Bei diesem tragfähigen Gesetz infolge der Entscheidung des Bundesverfassungsgerichts – ich erinnere daran, dass das von anderen Bundesländern ebenfalls gewählt

worden ist -, bleibt die Einigungsstelle nur von Fall zu Fall einzurichten. Neben dem unparteiischen Vorsitzenden, auf den sich beide Seiten einigen, können, je nach dem zu verhandelnden Thema, sowohl die oberste Dienstbehörde als auch die Personalvertretungsseite Spezialisten als Beisitzer in das Gremium entsenden. Das ermöglicht fachlich fundierte Entscheidungen. Solche Vorteile bietet der im SPD-Gesetzentwurf enthaltene Vorschlag in keiner Weise. Frau Kollegin Heckner hat das treffend dargestellt. Sie hat auch darauf verwiesen, dass bei den Beratungen in den Ausschüssen zahlreiche Änderungen bzw. Ergänzungen beschlossen worden. Ich möchte hier einmal deutlich festhalten, dass die Arbeitnehmerrechte ausgebaut und nicht abgebaut werden, Herr Kollege Wörner.

(Christa Naaß (SPD): Aber die Einigungsstelle wird abgebaut!)

Nehmen Sie dies bitte zur Kenntnis, auch wenn es für Sie manchmal schwer ist.
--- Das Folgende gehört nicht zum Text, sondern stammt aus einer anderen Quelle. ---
lemma stopped_llr_ge_eq_UN:
  "{w\<in>space M. T w \<noteq> \<infinity> \<and> H w = h \<and> x \<le> llr_stat p (\<lambda>m. Obs m w) (the_enat (T w)) h' h}
     = (\<Union>n. llr_ge_by h' h x n)"
proof (intro equalityI subsetI)
  fix w assume "w \<in> {w\<in>space M. T w \<noteq> \<infinity> \<and> H w = h \<and>
      x \<le> llr_stat p (\<lambda>m. Obs m w) (the_enat (T w)) h' h}"
  then show "w \<in> (\<Union>n. llr_ge_by h' h x n)"
    by (auto simp: llr_ge_by_def intro!: exI[of _ "the_enat (T w)"])
next
  fix w assume "w \<in> (\<Union>n. llr_ge_by h' h x n)"
  then obtain n N where "w \<in> space M" "T w = enat N" "N \<le> n" "H w = h"
      "x \<le> llr_stat p (\<lambda>m. Obs m w) n h' h"
    by (cases "T w") (auto simp: llr_ge_by_def)
  then show "w \<in> {w\<in>space M. T w \<noteq> \<infinity> \<and> H w = h \<and>
      x \<le> llr_stat p (\<lambda>m. Obs m w) (the_enat (T w)) h' h}"
    using llr_stat_stopped[of w N n] by simp
qed
(* Let $k\geq1$ be an integer. (i) With $\Delta_{2k}=\{(t_1,\ldots,t_{2k})\in(0,1)^{2k}: t_1<t_2,\ t_{2i-1}<t_{2i-2},\ t_{2i-1}<t_{2i}\ (i=2,\ldots,k)\}$, \[ \zeta(2k)=\frac{1}{2(1-2^{1-2k})}\int_{\Delta_{2k}}\prod_{i=1}^{k}\frac{1}{(1-t_{2i-1})\,t_{2i}}\,dt_1\cdots dt_{2k}. \] (ii) With $\Delta_{2k+1}=\{(t_1,\ldots,t_{2k+1})\in(0,1)^{2k+1}: t_{2i}>t_{2i-1},\ t_{2i}>t_{2i+1}\ (i=1,\ldots,k)\}$, \[ \zeta(2k+1)=\frac12\int_{\Delta_{2k+1}}\prod_{i=1}^{k}\frac{1}{(1-t_{2i-1})\,t_{2i}}\cdot\frac{1}{1-t_{2k+1}}\,dt_1\cdots dt_{2k+1}. \]
   Context: $\zeta(s)=\sum_{n\geq1}n^{-s}$ is the Riemann zeta function. *)

theory Defs
  imports "HOL-Analysis.Analysis"
begin

definition zeta :: "real \<Rightarrow> real" where
  "zeta s = (\<Sum>n. 1 / real (Suc n) powr s)"

abbreviation cube_measure :: "nat \<Rightarrow> (nat \<Rightarrow> real) measure" where
  "cube_measure n \<equiv> PiM {1..n} (\<lambda>_. lborel)"

definition Delta_even :: "nat \<Rightarrow> (nat \<Rightarrow> real) set" where
  "Delta_even k = {t \<in> space (cube_measure (2*k)).
      (\<forall>i\<in>{1..2*k}. 0 < t i \<and> t i < 1) \<and> t 1 < t 2 \<and>
      (\<forall>i\<in>{2..k}. t (2*i-1) < t (2*i-2) \<and> t (2*i-1) < t (2*i)) }"

definition Delta_odd :: "nat \<Rightarrow> (nat \<Rightarrow> real) set" where
  "Delta_odd k = {t \<in> space (cube_measure (2*k+1)).
      (\<forall>i\<in>{1..2*k+1}. 0 < t i \<and> t i < 1) \<and>
      (\<forall>i\<in>{1..k}. t (2*i) > t (2*i-1) \<and> t (2*i) > t (2*i+1)) }"

end

theory Submission
  imports Defs
begin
Aber auch Sie müssen die Wahrheit zur Kenntnis nehmen.

(Beifall bei Abgeordneten der CSU)

Ich weise auch darauf hin, werte Kolleginnen und Kollegen, dass Teile der Petition des Bayerischen Beamtenbundes in den Gesetzentwurf übernommen wurden. Herr Kollege Wörner, dies sollten Sie zumindest zur Kenntnis nehmen, auch wenn Sie das nicht einsehen, so wie Sie das heute dargestellt haben.

(Christa Naaß (SPD): Aber es wurden nur ganz kleine Teile davon übernommen! Ganz kleine Teile!)
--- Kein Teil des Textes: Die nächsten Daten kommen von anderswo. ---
theorem theorem5p5:
  fixes n :: nat and k m :: int
  assumes "n \<ge> 2" and "k \<ge> 1" and "\<bar>m\<bar> \<ge> 2"
    and "(m \<le> -3 \<and> n \<ge> 3) \<or> (m = -2 \<and> n \<ge> 4) \<or> (m = 2 \<and> n \<ge> 5)
         \<or> (m = 3 \<and> n \<ge> 4) \<or> (m \<ge> 4 \<and> n \<ge> 3)"
  shows "\<exists>y::real. y > 2 \<and> riley_poly k m (2 * cos (pi / real n)) y = 0"
proof -
  define x where "x = 2 * cos (pi / real n)"
  have x: "x\<^sup>2 \<le> 4" "x\<^sup>2 - 2 = 2 * cos (2 * pi / real n)"
    using cos_double_cos[of "pi / real n"] by (simp_all add: x_def power_mult_distrib cos_squared_eq)
  have "3 \<le> n"
    using assms(4) by auto
  then have t: "x\<^sup>2 - 2 = -1 \<or> 0 \<le> x\<^sup>2 - 2"
    using x(2) cos_two_pi_div_nonneg[of n] by (cases "n = 3") (auto simp: cos_120)
  obtain s where "\<exists>y\<ge>2. 0 < s * riley_poly k m x y" "\<exists>y\<ge>2. s * riley_poly k m x y < 0"
  proof (cases "2 \<le> m")
    case True
    have m23: "m = 2 \<Longrightarrow> 3 / 5 < x\<^sup>2 - 2" "m = 3 \<Longrightarrow> 0 \<le> x\<^sup>2 - 2"
      using assms(4) x(2) cos_two_pi_div_gt[of n] cos_two_pi_div_nonneg[of n] by auto
    have "-1 \<le> x\<^sup>2 - 2" "m = 2 \<Longrightarrow> 0 \<le> x\<^sup>2 - 2"
      using t m23(1) by auto
    then show ?thesis
      using riley_poly_sign_of_ge_2[OF assms(2) x(1) True t m23]
        riley_poly_last_root_sign_of_ge_2[OF assms(2) x(1) True] by (intro that) auto
  next
    case False
    then have "m \<le> -2"
      using assms(3) by linarith
    moreover have "m = -2 \<Longrightarrow> 0 \<le> x\<^sup>2 - 2"
      using assms(4) x(2) cos_two_pi_div_nonneg[of n] by auto
    ultimately show ?thesis
      using t riley_poly_last_root_sign_of_le_minus_2[OF assms(2) x(1)]
        riley_poly_sign_of_le_minus_2[OF assms(2) x(1) _ t] by (intro that) auto
  qed
  then show ?thesis
    using root_above_of_sign_change[OF continuous_on_riley_poly] by (auto simp: x_def)
qed

end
Meine verehrten Kolleginnen und Kollegen, bei den von den Ausschüssen empfohlenen Änderungen handelt es sich um weitere Erleichterungen des Geschäftsgangs der Personalvertretung und um die Ausdehnung von Beteiligungsrechten. Frau Kollegin Heckner hat die Ergänzungsvorschläge bereits dargestellt, ich muss sie nicht wiederholen. Der Gesetzentwurf der Staatsregierung einschließlich der hierzu ergangenen Beschlussempfehlungen enthält maßvolle Änderungen bei den Beteiligungsrechten, soweit das angezeigt ist. Insgesamt wird dadurch eine zeitgemäße Fortentwicklung des Bayerischen Personalvertretungsrechtes gewährleistet. Ich bitte Sie, dem Gesetzentwurf der Staatsregierung in der Fassung der Beschlussempfehlungen der Ausschüsse Ihre Zustimmung zu geben.

(Beifall bei der CSU)

Ich habe jetzt noch eine Wortmeldung: Frau Kollegin Naaß.

Herr Staatssekretär, ich bedauere, dass die Staatsregierung und die CSU die Chance nicht genutzt haben, an einem wirklich modernen Personalvertretungsgesetz mitzuarbeiten. Sie haben die Chance vertan, ein modernes Personalvertretungsgesetz auf den Weg zu bringen, das die Beteiligungsmöglichkeiten der Personalvertretung im Sinne von mehr Mitbestimmung verbessert hätte. Außer kleinen Veränderungen bietet die

Gesetzesnovelle in der Gesamtschau keine substanziellen Verbesserungen für die Personalvertretungen.

Das Zitat von Herrn Staatsminister Huber, welches Kollege Wörner vorhin bereits angesprochen hat, wonach man die Frösche nicht fragen soll, wenn man einen Teich austrocknen will, war meines Erachtens kein verbaler Ausrutscher, sondern es zeigt das Denken der CSU und ihre Grundeinstellung im Hinblick auf mehr Mitsprache der Beschäftigten.